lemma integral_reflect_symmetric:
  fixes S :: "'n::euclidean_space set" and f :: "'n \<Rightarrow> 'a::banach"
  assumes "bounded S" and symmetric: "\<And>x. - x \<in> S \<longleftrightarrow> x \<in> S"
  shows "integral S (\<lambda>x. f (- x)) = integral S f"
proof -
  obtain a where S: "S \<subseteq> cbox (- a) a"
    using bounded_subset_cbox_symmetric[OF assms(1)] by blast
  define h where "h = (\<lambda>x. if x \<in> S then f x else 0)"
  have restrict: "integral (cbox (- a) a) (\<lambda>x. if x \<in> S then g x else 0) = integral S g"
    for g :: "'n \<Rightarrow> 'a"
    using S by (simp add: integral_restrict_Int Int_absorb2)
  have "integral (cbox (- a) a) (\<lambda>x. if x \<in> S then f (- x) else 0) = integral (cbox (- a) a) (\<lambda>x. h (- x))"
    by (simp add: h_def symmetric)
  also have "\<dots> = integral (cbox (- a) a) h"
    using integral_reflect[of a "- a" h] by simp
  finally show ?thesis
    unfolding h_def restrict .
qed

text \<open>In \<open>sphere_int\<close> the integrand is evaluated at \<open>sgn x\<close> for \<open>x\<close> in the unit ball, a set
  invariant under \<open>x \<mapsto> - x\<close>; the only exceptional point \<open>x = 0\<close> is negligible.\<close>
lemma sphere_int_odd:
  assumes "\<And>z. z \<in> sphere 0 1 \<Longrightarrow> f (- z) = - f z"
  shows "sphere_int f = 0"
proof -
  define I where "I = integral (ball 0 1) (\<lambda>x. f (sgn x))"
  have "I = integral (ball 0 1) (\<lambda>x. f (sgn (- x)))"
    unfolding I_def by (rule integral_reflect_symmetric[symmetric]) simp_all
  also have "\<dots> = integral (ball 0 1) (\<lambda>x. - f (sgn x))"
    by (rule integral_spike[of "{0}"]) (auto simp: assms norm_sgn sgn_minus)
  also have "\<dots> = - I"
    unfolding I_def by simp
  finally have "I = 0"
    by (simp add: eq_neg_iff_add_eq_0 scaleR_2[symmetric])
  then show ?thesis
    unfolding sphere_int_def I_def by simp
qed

==================================================

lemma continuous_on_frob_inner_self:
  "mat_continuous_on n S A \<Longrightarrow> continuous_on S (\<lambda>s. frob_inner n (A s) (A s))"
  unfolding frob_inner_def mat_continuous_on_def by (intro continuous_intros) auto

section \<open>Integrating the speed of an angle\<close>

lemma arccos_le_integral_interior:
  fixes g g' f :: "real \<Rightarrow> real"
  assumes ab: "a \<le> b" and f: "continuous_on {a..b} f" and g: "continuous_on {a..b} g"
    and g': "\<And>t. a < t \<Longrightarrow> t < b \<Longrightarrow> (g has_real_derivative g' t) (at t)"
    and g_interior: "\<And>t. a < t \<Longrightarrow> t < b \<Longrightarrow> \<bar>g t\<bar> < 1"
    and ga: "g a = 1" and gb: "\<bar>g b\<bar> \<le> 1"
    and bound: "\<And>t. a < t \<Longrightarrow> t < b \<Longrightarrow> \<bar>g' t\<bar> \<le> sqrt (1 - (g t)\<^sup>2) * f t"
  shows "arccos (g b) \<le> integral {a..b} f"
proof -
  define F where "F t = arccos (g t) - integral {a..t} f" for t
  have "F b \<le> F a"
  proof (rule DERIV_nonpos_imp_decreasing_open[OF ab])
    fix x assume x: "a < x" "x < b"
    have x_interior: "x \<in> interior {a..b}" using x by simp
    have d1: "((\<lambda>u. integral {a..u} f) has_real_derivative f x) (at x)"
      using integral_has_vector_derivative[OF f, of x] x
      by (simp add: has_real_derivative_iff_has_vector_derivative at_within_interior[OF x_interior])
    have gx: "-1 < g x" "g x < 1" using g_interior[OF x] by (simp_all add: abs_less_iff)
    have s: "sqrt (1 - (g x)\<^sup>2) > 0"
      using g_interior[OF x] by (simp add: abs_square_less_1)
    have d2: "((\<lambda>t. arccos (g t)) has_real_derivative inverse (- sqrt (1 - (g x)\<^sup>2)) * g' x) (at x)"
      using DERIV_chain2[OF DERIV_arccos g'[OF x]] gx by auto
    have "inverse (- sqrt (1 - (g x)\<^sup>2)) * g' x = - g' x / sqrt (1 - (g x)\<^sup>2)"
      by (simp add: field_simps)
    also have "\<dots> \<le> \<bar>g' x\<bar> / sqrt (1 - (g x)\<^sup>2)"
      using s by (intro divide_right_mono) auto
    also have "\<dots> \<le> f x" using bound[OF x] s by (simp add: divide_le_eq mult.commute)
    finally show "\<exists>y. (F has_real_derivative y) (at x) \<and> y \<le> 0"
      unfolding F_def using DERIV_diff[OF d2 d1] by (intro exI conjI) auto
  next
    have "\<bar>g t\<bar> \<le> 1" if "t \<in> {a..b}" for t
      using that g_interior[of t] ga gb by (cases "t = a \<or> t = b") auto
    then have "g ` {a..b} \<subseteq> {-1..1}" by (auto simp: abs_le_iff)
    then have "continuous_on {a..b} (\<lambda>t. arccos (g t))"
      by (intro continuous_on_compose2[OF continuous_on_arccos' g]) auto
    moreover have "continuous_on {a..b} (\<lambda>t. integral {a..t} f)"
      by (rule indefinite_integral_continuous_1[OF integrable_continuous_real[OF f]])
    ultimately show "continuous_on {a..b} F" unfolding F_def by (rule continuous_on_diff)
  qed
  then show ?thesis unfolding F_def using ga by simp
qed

==================================================

What to do
Would you please copy every line in the data that contains the word "assms"?

Response area
    using bounded_subset_cbox_symmetric[OF assms(1)] by blast
    by (rule integral_spike[of "{0}"]) (auto simp: assms norm_sgn sgn_minus)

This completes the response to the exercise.